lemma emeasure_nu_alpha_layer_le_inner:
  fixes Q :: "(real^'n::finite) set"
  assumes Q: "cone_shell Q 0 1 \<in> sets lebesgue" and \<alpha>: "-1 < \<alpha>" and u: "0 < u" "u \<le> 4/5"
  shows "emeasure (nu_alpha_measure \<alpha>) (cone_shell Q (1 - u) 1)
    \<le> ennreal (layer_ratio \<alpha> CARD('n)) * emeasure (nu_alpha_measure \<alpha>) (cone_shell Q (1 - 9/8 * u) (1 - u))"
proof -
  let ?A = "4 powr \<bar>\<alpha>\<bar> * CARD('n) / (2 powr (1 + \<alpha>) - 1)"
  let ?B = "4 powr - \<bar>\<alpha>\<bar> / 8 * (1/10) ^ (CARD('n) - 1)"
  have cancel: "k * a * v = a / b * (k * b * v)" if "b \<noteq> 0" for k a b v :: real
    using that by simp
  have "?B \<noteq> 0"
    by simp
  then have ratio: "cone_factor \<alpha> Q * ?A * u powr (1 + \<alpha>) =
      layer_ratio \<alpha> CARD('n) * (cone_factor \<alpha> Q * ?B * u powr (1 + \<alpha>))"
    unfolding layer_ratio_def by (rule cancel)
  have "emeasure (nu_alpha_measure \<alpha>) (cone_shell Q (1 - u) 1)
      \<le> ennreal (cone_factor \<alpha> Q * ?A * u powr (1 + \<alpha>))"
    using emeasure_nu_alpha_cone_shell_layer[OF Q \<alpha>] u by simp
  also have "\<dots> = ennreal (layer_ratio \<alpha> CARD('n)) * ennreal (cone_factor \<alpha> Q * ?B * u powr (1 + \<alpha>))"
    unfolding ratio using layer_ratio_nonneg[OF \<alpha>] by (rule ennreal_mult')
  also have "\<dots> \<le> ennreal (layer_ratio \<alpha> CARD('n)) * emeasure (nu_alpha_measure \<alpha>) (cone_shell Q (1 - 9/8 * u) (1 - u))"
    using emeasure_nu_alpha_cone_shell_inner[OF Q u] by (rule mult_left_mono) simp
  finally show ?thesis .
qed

■ PROBLEM ■
An accurate, complete transcription of the records above is needed.

■ ANSWER BELOW ■
lemma emeasure_nu_alpha_layer_le_inner:
  fixes Q :: "(real^'n::finite) set"
  assumes Q: "cone_shell Q 0 1 \<in> sets lebesgue" and \<alpha>: "-1 < \<alpha>" and u: "0 < u" "u \<le> 4/5"
  shows "emeasure (nu_alpha_measure \<alpha>) (cone_shell Q (1 - u) 1)
    \<le> ennreal (layer_ratio \<alpha> CARD('n)) * emeasure (nu_alpha_measure \<alpha>) (cone_shell Q (1 - 9/8 * u) (1 - u))"
proof -
  let ?A = "4 powr \<bar>\<alpha>\<bar> * CARD('n) / (2 powr (1 + \<alpha>) - 1)"
  let ?B = "4 powr - \<bar>\<alpha>\<bar> / 8 * (1/10) ^ (CARD('n) - 1)"
  have cancel: "k * a * v = a / b * (k * b * v)" if "b \<noteq> 0" for k a b v :: real
    using that by simp
  have "?B \<noteq> 0"
    by simp
  then have ratio: "cone_factor \<alpha> Q * ?A * u powr (1 + \<alpha>) =
      layer_ratio \<alpha> CARD('n) * (cone_factor \<alpha> Q * ?B * u powr (1 + \<alpha>))"
    unfolding layer_ratio_def by (rule cancel)
  have "emeasure (nu_alpha_measure \<alpha>) (cone_shell Q (1 - u) 1)
      \<le> ennreal (cone_factor \<alpha> Q * ?A * u powr (1 + \<alpha>))"
    using emeasure_nu_alpha_cone_shell_layer[OF Q \<alpha>] u by simp
  also have "\<dots> = ennreal (layer_ratio \<alpha> CARD('n)) * ennreal (cone_factor \<alpha> Q * ?B * u powr (1 + \<alpha>))"
    unfolding ratio using layer_ratio_nonneg[OF \<alpha>] by (rule ennreal_mult')
  also have "\<dots> \<le> ennreal (layer_ratio \<alpha> CARD('n)) * emeasure (nu_alpha_measure \<alpha>) (cone_shell Q (1 - 9/8 * u) (1 - u))"
    using emeasure_nu_alpha_cone_shell_inner[OF Q u] by (rule mult_left_mono) simp
  finally show ?thesis .
qed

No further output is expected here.